O Brasil tem todas as condições de consolidar-se como modelo de transição energética e economia de baixo carbono. Isso exigirá esforço interno, mas também uma ativa política de atração de investimentos. Demandará recursos próprios, sem que deixemos de cobrar com firmeza a implementação, pelos países desenvolvidos, de seus compromissos em matéria de financiamento. E exigirá uma diplomacia ambiental e climática de primeira grandeza, ativa e determinada a defender nossos interesses e a desempenhar o papel de facilitador e de gerador de consensos que, desde a preparação da Rio-92, o Brasil sempre soube exercer até recentemente.
Nesse processo, seremos guiados por uma visão integrada do desenvolvimento sustentável em seus três pilares: econômico, social e ambiental – com especial atenção para a proteção da biodiversidade, para a preservação da Amazônia e de outros biomas, e para a geração de emprego e renda para milhões de brasileiros.
Fortalecer a Organização do Tratado de Cooperação Amazônica (OTCA) será fundamental para reativar a cooperação nesses e em outros temas de interesse dos países amazônicos, bem como coordenar suas posições em foros mundiais. A proposta do Presidente Lula de uma Cúpula amazônica será elaborada com grande atenção.
O Brasil realinhará a política externa em direitos humanos aos parâmetros da Constituição Federal e do direito internacional dos direitos humanos, sobretudo na promoção da igualdade de gênero; no combate à discriminação e à violência em função de orientação sexual e identidade de gênero; na promoção da igualdade racial e o combate ao racismo e a xenofobia; e na defesa dos direitos dos povos indígenas.
Vamos retornar imediatamente ao Pacto Global de Migrações da ONU e dialogar com os membros do Congresso Nacional para avançar na aprovação expedita da Convenção da ONU sobre direitos dos trabalhadores migrantes.
O Brasil e os demais países emergentes querem ter vez e voz na cena internacional. Não podemos conviver com estruturas decisórias desatualizadas, que não refletem a contribuição que podem dar ao enfrentamento de desafios comuns. Atualizar a governança global na terceira década do século XXI é uma tarefa inadiável.
Seguiremos trabalhando para uma reforma e ampliação do Conselho de Segurança da ONU, órgão de que participamos em 2023, o segundo ano de nosso atual biênio como membro não-permanente.
Colaboraremos, no Conselho e na Assembleia-Geral, com as discussões sobre prevenção e solução negociada de conflitos, mediação, manutenção e construção da paz, cooperação humanitária e a implementação da Agenda de Mulheres, Paz e Segurança.
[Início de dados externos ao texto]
(* Let $n\ge3$, $K\ge1$, and $\underline a=(a_1,\dots,a_K)\in(\mathbb{C}^\times)^K$ with $a_k\neq a_j^{\pm1}$ for all $k\neq j$. If $a_1=-1$ and $a_k\neq1$ for every $k\ge2$, then the image of $\psi_{\underline a}$ is isomorphic to the direct sum of one copy of $so_{2n}$ and $K-1$ copies of $sl_{2n}$.
   Context: For $n\geq 3$, $M_n=(m_{i,j})$ is the $n\times n$ integer matrix with $m_{i,i}=2$, $m_{i,i+1}=m_{i+1,i}=-1$ ($1\le i\le n-1$), $m_{1,n}=m_{n,1}=1$, all other entries $0$. $\mathrm{gim}(M_n)$ is the complex Lie algebra generated by $e_i,f_i,h_i$ ($1\le i\le n$) with relations: (R1) $[h_i,e_j]=m_{i,j}e_j$, $[h_i,f_j]=-m_{i,j}f_j$, $[e_i,f_i]=h_i$ for all $i,j$; (R2) for $i\ne j$ with $m_{i,j}\le0$: $[e_i,f_j]=0=[f_i,e_j]$, $(\mathrm{ad}\,e_i)^{1-m_{i,j}}e_j=0=(\mathrm{ad}\,f_i)^{1-m_{i,j}}f_j$; (R3) for $i\ne j$ with $m_{i,j}>0$: $[e_i,e_j]=0=[f_i,f_j]$, $(\mathrm{ad}\,e_i)^{m_{i,j}+1}f_j=0=(\mathrm{ad}\,f_i)^{m_{i,j}+1}e_j$. For $a\in\mathbb{C}^\times$, $\psi_a:\mathrm{gim}(M_n)\to sl_{2n}$ is the Lie algebra homomorphism determined by $\psi_a(e_i)=E_{i,i+1}-E_{n+i+1,n+i}$, $\psi_a(f_i)=E_{i+1,i}-E_{n+i,n+i+1}$ ($1\le i\le n-1$), $\psi_a(e_n)=E_{n,n+1}+a^{-1}E_{1,2n}$, $\psi_a(f_n)=E_{n+1,n}+aE_{2n,1}$, where $E_{i,j}$ are matrix units. For $\underline a=(a_1,\dots,a_K)$, $\psi_{\underline a}=\bigoplus_{k=1}^K\psi_{a_k}:\mathrm{gim}(M_n)\to sl_{2n}^{\oplus K}$, $x\mapsto(\psi_{a_1}(x),\dots,\psi_{a_K}(x))$. *)

theory Defs
  imports Complex_Main
begin

text \<open>Elements of sl_{2n}^{\<oplus>K} (and of subalgebras of gl_{2n}^K) are represented as
  functions x k r s = (r,s)-entry of the k-th component, with 1-based indices
  k \<in> {1..K}, r,s \<in> {1..2n}, and value 0 outside these ranges.\<close>

type_synonym tup = "nat \<Rightarrow> nat \<Rightarrow> nat \<Rightarrow> complex"

definition matE :: "nat \<Rightarrow> nat \<Rightarrow> nat \<Rightarrow> nat \<Rightarrow> complex" where
  "matE p q = (\<lambda>r s. if r = p \<and> s = q then 1 else 0)"

definition psi_e :: "nat \<Rightarrow> complex \<Rightarrow> nat \<Rightarrow> nat \<Rightarrow> nat \<Rightarrow> complex" where
  "psi_e n a i = (if i < n
     then (\<lambda>r s. matE i (i+1) r s - matE (n+i+1) (n+i) r s)
     else (\<lambda>r s. matE n (n+1) r s + inverse a * matE 1 (2*n) r s))"

definition psi_f :: "nat \<Rightarrow> complex \<Rightarrow> nat \<Rightarrow> nat \<Rightarrow> nat \<Rightarrow> complex" where
  "psi_f n a i = (if i < n
     then (\<lambda>r s. matE (i+1) i r s - matE (n+i) (n+i+1) r s)
     else (\<lambda>r s. matE (n+1) n r s + a * matE (2*n) 1 r s))"

definition tup_of :: "nat \<Rightarrow> (nat \<Rightarrow> nat \<Rightarrow> nat \<Rightarrow> complex) \<Rightarrow> tup" where
  "tup_of K g = (\<lambda>k r s. if k \<in> {1..K} then g k r s else 0)"

definition lie_br :: "nat \<Rightarrow> tup \<Rightarrow> tup \<Rightarrow> tup" where
  "lie_br N x y = (\<lambda>k r s. (\<Sum>l\<in>{1..N}. x k r l * y k l s - y k r l * x k l s))"

definition tadd :: "tup \<Rightarrow> tup \<Rightarrow> tup" where
  "tadd x y = (\<lambda>k r s. x k r s + y k r s)"

definition tsmul :: "complex \<Rightarrow> tup \<Rightarrow> tup" where
  "tsmul c x = (\<lambda>k r s. c * x k r s)"

inductive_set lie_gen :: "nat \<Rightarrow> tup set \<Rightarrow> tup set" for N S where
  gen: "x \<in> S \<Longrightarrow> x \<in> lie_gen N S"
| zero: "(\<lambda>k r s. 0) \<in> lie_gen N S"
| add: "x \<in> lie_gen N S \<Longrightarrow> y \<in> lie_gen N S \<Longrightarrow> tadd x y \<in> lie_gen N S"
| smul: "x \<in> lie_gen N S \<Longrightarrow> tsmul c x \<in> lie_gen N S"
| br: "x \<in> lie_gen N S \<Longrightarrow> y \<in> lie_gen N S \<Longrightarrow> lie_br N x y \<in> lie_gen N S"

definition psiA_e :: "nat \<Rightarrow> nat \<Rightarrow> (nat \<Rightarrow> complex) \<Rightarrow> nat \<Rightarrow> tup" where
  "psiA_e n K a i = tup_of K (\<lambda>k. psi_e n (a k) i)"

definition psiA_f :: "nat \<Rightarrow> nat \<Rightarrow> (nat \<Rightarrow> complex) \<Rightarrow> nat \<Rightarrow> tup" where
  "psiA_f n K a i = tup_of K (\<lambda>k. psi_f n (a k) i)"

text \<open>Image of psi_a: since gim(M_n) is generated by e_i, f_i, h_i and psi_a is a
  Lie algebra homomorphism, its image is the Lie subalgebra generated by the images
  of the generators (with psi_a(h_i) = [psi_a(e_i), psi_a(f_i)]).\<close>
definition psi_image :: "nat \<Rightarrow> nat \<Rightarrow> (nat \<Rightarrow> complex) \<Rightarrow> tup set" where
  "psi_image n K a = lie_gen (2*n)
     ((psiA_e n K a ` {1..n}) \<union> (psiA_f n K a ` {1..n})
      \<union> ((\<lambda>i. lie_br (2*n) (psiA_e n K a i) (psiA_f n K a i)) ` {1..n}))"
Retomaremos nosso protagonismo em desarmamento e não-proliferação nuclear, valorizando o Tratado para a Proibição das Armas Nucleares em um mundo de exacerbadas rivalidades geopolíticas.
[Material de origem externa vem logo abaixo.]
lemma proper_closed_convex_not_MInfty:
  "proper_closed_convex h \<Longrightarrow> h x \<noteq> -\<infinity>"
  unfolding proper_closed_convex_def by auto

lemma proper_closed_convex_closed_epigraph:
  "proper_closed_convex h \<Longrightarrow> closed {(x, r::real). h x \<le> ereal r}"
  unfolding proper_closed_convex_def by auto

lemma proper_closed_convex_convex_ineq:
  "proper_closed_convex h \<Longrightarrow> 0 \<le> t \<Longrightarrow> t \<le> 1 \<Longrightarrow>
     h ((1 - t) *\<^sub>R x + t *\<^sub>R y) \<le> ereal (1 - t) * h x + ereal t * h y"
  unfolding proper_closed_convex_def by auto

lemma subgradient_of_differentiable_plus_convex:
  fixes S :: "'a::real_inner \<Rightarrow> real"
  assumes h: "proper_closed_convex h"
    and dS: "(S has_derivative (\<lambda>w. a \<bullet> w)) (at x)"
    and hx: "h x \<noteq> \<infinity>"
    and sub: "\<And>y. ereal (S x) + h x + ereal (g \<bullet> (y - x)) \<le> ereal (S y) + h y"
  shows "h x + ereal ((g - a) \<bullet> (y - x)) \<le> h y"
proof (cases "h y = \<infinity>")
  case False
  obtain hx' where hx': "h x = ereal hx'"
    using hx proper_closed_convex_not_MInfty[OF h] by (cases "h x") auto
  obtain hy where hy: "h y = ereal hy"
    using False proper_closed_convex_not_MInfty[OF h] by (cases "h y") auto
  define v where "v = y - x"
  have quotient_le: "g \<bullet> v - (S (x + s *\<^sub>R v) - S x) / s \<le> hy - hx'" if s: "0 < s" "s < 1" for s
  proof -
    let ?z = "(1 - s) *\<^sub>R x + s *\<^sub>R y"
    have z: "?z = x + s *\<^sub>R v" by (simp add: v_def algebra_simps)
    have "h ?z \<le> ereal ((1 - s) * hx' + s * hy)"
      using proper_closed_convex_convex_ineq[OF h, of s x y] s by (simp add: hx' hy)
    then obtain hz where hz: "h ?z = ereal hz" "hz \<le> (1 - s) * hx' + s * hy"
      using proper_closed_convex_not_MInfty[OF h] by (cases "h ?z") auto
    have "S x + hx' + s * (g \<bullet> v) \<le> S (x + s *\<^sub>R v) + hz"
      using sub[of ?z] hz(1) unfolding z by (simp add: hx')
    then have "s * (g \<bullet> v) - (S (x + s *\<^sub>R v) - S x) \<le> s * (hy - hx')"
      using hz(2) by (simp add: algebra_simps)
    then show ?thesis using s by (simp add: field_simps)
  qed
  have "((\<lambda>s. S (x + s *\<^sub>R v)) has_real_derivative (a \<bullet> v)) (at 0 within {0<..})"
    using has_real_derivative_along_line[of S a x 0 v] dS by (simp add: has_field_derivative_at_within)
  then have "((\<lambda>s. (S (x + s *\<^sub>R v) - S x) / s) \<longlongrightarrow> a \<bullet> v) (at_right 0)"
    unfolding has_field_derivative_iff by simp
  then have "((\<lambda>s. g \<bullet> v - (S (x + s *\<^sub>R v) - S x) / s) \<longlongrightarrow> g \<bullet> v - a \<bullet> v) (at_right 0)"
    by (intro tendsto_intros)
  moreover have "eventually (\<lambda>s. g \<bullet> v - (S (x + s *\<^sub>R v) - S x) / s \<le> hy - hx') (at_right 0)"
    unfolding eventually_at_right[OF zero_less_one] using quotient_le by (auto intro!: exI[of _ 1])
  ultimately have "g \<bullet> v - a \<bullet> v \<le> hy - hx'" by (rule tendsto_upperbound) simp
  then show ?thesis by (simp add: hx' hy v_def inner_diff_left)
qed simp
O Brasil retoma, ainda, seu compromisso de reforma das instituições financeiras internacionais, de modo a torná-las mais representativas, em particular dos países em desenvolvimento.
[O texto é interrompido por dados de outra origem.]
(* For $n\ge2$, let $\ell=\lfloor (n+1)/2\rfloor$ and \[M_n(x)=2\sum_{k=1}^{\ell} d_{n,k-1}\,x^k(1+x)^{\ell-k}.\] Then $R_n(x)=(1+x)^{\lfloor (n-2)/2\rfloor}M_n(x)$, $M_n$ has nonnegative integer coefficients, and $M_n(-1)=2(-1)^{\ell}d_{n,\ell-1}\neq0$; hence $-1$ is a root of $R_n(x)$ of multiplicity exactly $\lfloor (n-2)/2\rfloor$.
   Context: $R_n(x)=\sum_{\pi\in\mathfrak S_n}x^{\mathrm{run}(\pi)}$, where $\mathrm{run}(\pi)$ is $1$ plus the number of $i\in\{2,\dots,n-1\}$ with $\pi_{i-1}<\pi_i>\pi_{i+1}$ or $\pi_{i-1}>\pi_i<\pi_{i+1}$. A descent of $\pi$ is an index $i\in[n-1]$ with $\pi_i>\pi_{i+1}$. For an index $i$, the $\pi_i$-factorization is $\pi=w_1w_2\pi_iw_4w_5$ where $w_2$ is the longest factor ending at position $i-1$ with all letters $>\pi_i$ and $w_4$ the longest factor starting at position $i+1$ with all letters $>\pi_i$. $\pi\in\mathfrak S_n$ is an André permutation if (i) no $i\in\{2,\dots,n-1\}$ has $\pi_{i-1}>\pi_i>\pi_{i+1}$, (ii) $\pi_{n-1}<\pi_n$, and (iii) for every $i\in\{2,\dots,n-1\}$ with $\pi_{i-1}>\pi_i<\pi_{i+1}$, $\max(w_2)<\max(w_4)$ in the $\pi_i$-factorization. $d_{n,i}$ is the number of André permutations in $\mathfrak S_n$ with exactly $i$ descents. *)

theory Defs
  imports "HOL-Combinatorics.Multiset_Permutations" "HOL-Computational_Algebra.Polynomial"
begin

text \<open>Permutations of [n] are represented as lists (one-line notation); the paper's
position i (1-based) corresponds to list index i-1.\<close>

abbreviation perms :: "nat \<Rightarrow> nat list set" where
  "perms n \<equiv> permutations_of_set {1..n}"

definition turning_points :: "nat list \<Rightarrow> nat set" where
  "turning_points xs = {i. 0 < i \<and> i + 1 < length xs \<and>
     ((xs!(i-1) < xs!i \<and> xs!i > xs!(i+1)) \<or> (xs!(i-1) > xs!i \<and> xs!i < xs!(i+1)))}"

definition run :: "nat list \<Rightarrow> nat" where
  "run xs = 1 + card (turning_points xs)"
Será importante fortalecer e destravar a Organização Mundial do Comércio (OMC) nas vertentes de transparência, resolução de controvérsias e de negociação. Vamos buscar novos acordos comerciais e de facilitação do comércio.
Vamos manter a cooperação com as instâncias da OCDE que geram benefícios para o país e examinar, à luz do interesse nacional, o convite que nos foi feito para a ela aderirmos.
Vamos utilizar de maneira criativa o G-20, que o Brasil presidirá em 2024, o BRICS, cuja condução nos caberá em 2025, e outros mecanismos de concertação, como o IBAS, cuja presidência assumiremos já em 2023, para reforçar nossas posições e interesses concretos em temas da agenda internacional. E vamos aproveitar a oportunidade da direção brasileira de organismos internacionais, como a Organização Pan-Americana da Saúde (OPAS), o Banco Interamericano de Desenvolvimento (BID) e o Novo Banco de Desenvolvimento (NBD), para avançar concretamente em iniciativas mais acordes com nossa visão de mundo.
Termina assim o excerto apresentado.